The appellants in paragraphs 8 and 9 of his statement of claim pleaded the facts of the fraud as follows:-

“8. On comparing the contents of the proceedings tendered by the defendants (as plaintiffs) in suit NO.HOS/l/79 as Exhibit B and the certified true copy of the same proceedings obtained at the Archives by the plaintiffs in 1995, it was discovered that the contents were different in that only a part of the proceedings was procured and tendered by the defendants (as plaintiffs) while the remaining and concluding part was fraudulently left out or concealed”.

PARTICULARS OF THE FRAUD OR MISREPRESENTATION

(i) That the defendants (as plaintiffs) fraudulently procured and tendered only the part of the proceedings in the case 1/37 favourable to them and left out the subsequent proceedings in the same case which was not favourable to them.

(ii) That the defendants (the plaintiffs) tendered only the proceedings of 26/6/37, 7/7/37 and 14/7/37 while the subsequent proceedings of 22/9/38, 28/9/30 and 5/10/38 were deliberately left out or concealed.

(iii) That the final judgment in the case was delivered on 5/10/38 and not on 14/7/37 as falsely misrepresented on the version tendered in HOS/1/79 and in their oral evidence in court.

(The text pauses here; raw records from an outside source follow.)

definition nf_rel :: "(trm \<Rightarrow> trm \<Rightarrow> bool) \<Rightarrow> trm \<Rightarrow> trm \<Rightarrow> bool" where
  "nf_rel R t0 t1 \<longleftrightarrow>
    (is_val t0 \<and> is_val t1 \<and> R (app_fresh t0) (app_fresh t1))
  \<or> (\<exists>F0 F1 s0 s1. pure F0 \<and> pure F1 \<and>
       t0 = plugE F0 (Shift s0) \<and> t1 = plugE F1 (Shift s1) \<and>
       ctx_rel R F0 F1 \<and> R (Reset s0) (Reset s1))
  \<or> (\<exists>E0 E1 x v0 v1. ectx_ok E0 \<and> ectx_ok E1 \<and> is_val v0 \<and> is_val v1 \<and>
       t0 = plugE E0 (App (Var x) v0) \<and> t1 = plugE E1 (App (Var x) v1) \<and>
       ctx_rel R E0 E1 \<and> R (app_fresh v0) (app_fresh v1))"

definition nf_sim :: "(trm \<Rightarrow> trm \<Rightarrow> bool) \<Rightarrow> bool" where
  "nf_sim R \<longleftrightarrow> (\<forall>t0 t1 t0'. R t0 t1 \<longrightarrow> evals t0 t0' \<longrightarrow>
                    (\<exists>t1'. evals t1 t1' \<and> nf_rel R t0' t1'))"

definition nf_bisim :: "(trm \<Rightarrow> trm \<Rightarrow> bool) \<Rightarrow> bool" where
  "nf_bisim R \<longleftrightarrow> nf_sim R \<and> nf_sim R\<inverse>\<inverse>"

definition nf_bisimilar :: "trm \<Rightarrow> trm \<Rightarrow> bool" where
  "nf_bisimilar t0 t1 \<longleftrightarrow> (\<exists>R. nf_bisim R \<and> R t0 t1)"

definition I_trm :: trm where "I_trm = Lam (Var 0)"
definition Omega :: trm where
  "Omega = App (Lam (App (Var 0) (Var 0))) (Lam (App (Var 0) (Var 0)))"

end

theory Submission
  imports Defs
begin

text \<open>The shift \<open>\<S>k.i\<close> discards its delimited context: \<open>\<langle>F[\<S>k.i]\<rangle> \<rightarrow> \<langle>i\<rangle>\<close> for every pure
  \<open>F\<close>, and \<open>(\<S>k.i) t\<close> merely extends that context by \<open>[ ] t\<close>. So the compatible closure
  of the pairs \<open>(\<S>k.i, (\<S>k.i) t)\<close> is a lock-step bisimulation for reduction that preserves
  values and control-stuck terms, which yields contextual equivalence for every \<open>t\<close>.
  Normal form bisimilarity instead compares the captured contexts \<open>[ ]\<close> and \<open>[ ] \<Omega>\<close>
  directly, by plugging a fresh variable \<open>x\<close>: but \<open>x\<close> is a value while \<open>x \<Omega>\<close> diverges.\<close>

inductive contr :: "trm \<Rightarrow> trm \<Rightarrow> bool" where
  beta: "is_val v \<Longrightarrow> contr (App (Lam t) v) (subst t 0 v)"
| shift: "pure F \<Longrightarrow>
    contr (Reset (plugE F (Shift t))) (Reset (subst t 0 (Lam (Reset (plugE (liftE F) (Var 0))))))"
| reset: "is_val v \<Longrightarrow> contr (Reset v) v"

lemma red_iff_plugE_contr:
  "red t t' \<longleftrightarrow> (\<exists>E r r'. ectx_ok E \<and> contr r r' \<and> t = plugE E r \<and> t' = plugE E r')"
  by (auto elim!: red.cases contr.cases intro: red.intros contr.intros)

lemma plugE_eq_Lam: "plugE E r = Lam s \<Longrightarrow> E = EHole \<and> r = Lam s"
  by (cases E) auto

lemma plugE_eq_Var: "plugE E r = Var x \<Longrightarrow> E = EHole \<and> r = Var x"
  by (cases E) auto

lemma plugE_eq_Shift: "plugE E r = Shift s \<Longrightarrow> E = EHole \<and> r = Shift s"
  by (cases E) auto

lemma plugE_ecomp: "plugE (ecomp E E') t = plugE E (plugE E' t)"
  by (induction E) auto

lemma pure_ecomp: "pure (ecomp E E') \<longleftrightarrow> pure E \<and> pure E'"
  by (induction E) auto

lemma contr_not_Shift: "contr r r' \<Longrightarrow> r \<noteq> Shift s"
  by (auto elim: contr.cases)

lemma lift_I_trm [simp]: "lift k I_trm = I_trm"
  by (simp add: I_trm_def)

lemma subst_I_trm [simp]: "subst I_trm k v = I_trm"
  by (simp add: I_trm_def)

lemma lift_Omega [simp]: "lift k Omega = Omega"
  by (simp add: Omega_def)

inductive shift_id_rel :: "trm \<Rightarrow> trm \<Rightarrow> bool" where
  shift_id_app: "shift_id_rel (Shift I_trm) (App (Shift I_trm) u)"
| var: "shift_id_rel (Var i) (Var i)"
| lam: "shift_id_rel t t' \<Longrightarrow> shift_id_rel (Lam t) (Lam t')"
| app: "shift_id_rel t t' \<Longrightarrow> shift_id_rel u u' \<Longrightarrow> shift_id_rel (App t u) (App t' u')"
| shift: "shift_id_rel t t' \<Longrightarrow> shift_id_rel (Shift t) (Shift t')"
| reset: "shift_id_rel t t' \<Longrightarrow> shift_id_rel (Reset t) (Reset t')"

inductive_cases shift_id_rel_AppE: "shift_id_rel (App t u) w"
inductive_cases shift_id_rel_LamE: "shift_id_rel (Lam t) w"
inductive_cases shift_id_rel_ResetE: "shift_id_rel (Reset t) w"
inductive_cases shift_id_rel_ShiftE: "shift_id_rel (Shift t) w"
inductive_cases shift_id_rel_App_rightE: "shift_id_rel w (App t u)"
inductive_cases shift_id_rel_Lam_rightE: "shift_id_rel w (Lam t)"
inductive_cases shift_id_rel_Reset_rightE: "shift_id_rel w (Reset t)"
inductive_cases shift_id_rel_Shift_rightE: "shift_id_rel w (Shift t)"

(iv) That the defendants (as plaintiffs) know or ought to know that’ after the proceedings of 14/7/37 there were further proceedings in the Native Court case involving an order of reopening of the case by the then “D. O” on 22/9/38 and further order of Inspection before judgment was finally given on 5/10/38 as they fully participated in the proceedings. They intentionally mis-represented the facts to the court.

(v) That the defendants (as plaintiffs) deliberately procured the part of the proceedings favourable to them to enable them obtain judgment in their favour thereby deceiving and misleading the court in the said suit HOS/1/79,

(vi) That if the full record of proceedings of the Native court case had been tendered, the decision of the court in suit No, HOS/1/79 would have been different”.

“a) The whole Native Court proceedings in the case 1/37 referred ‘to above is part of the records of proceedings of Native Courts in the former Western provinces of the then colony and protectorate of Nigeria which are now kept in the Archives at Professor H.A, Oluwasanmi Library at the O.A.U. Ile-Ife”,

In response to these averments, the respondents in paragraph 8 of their statement of defense pleaded as follows:-

“8, As regards paragraphs 8 (i) (ii) (iv) (v) (vi), 9, 11, and 12 of the statement of claim, the defendants aver that the plaintiffs have raised similar issues in their motion dated the 24th day of April 1995 filed on their behalf by Chief Oye Esan at the Court of Appeal Ibadan and to which the defendants filed a counter affidavit in similar vein to their statement of defense in this suit and which motion has been adjourned for hearing till the 21st day of May, 1997. The defendants will rely on the motion paper and the affidavit in support as well as the counter-affidavit and all relevant papers at the trial of this action”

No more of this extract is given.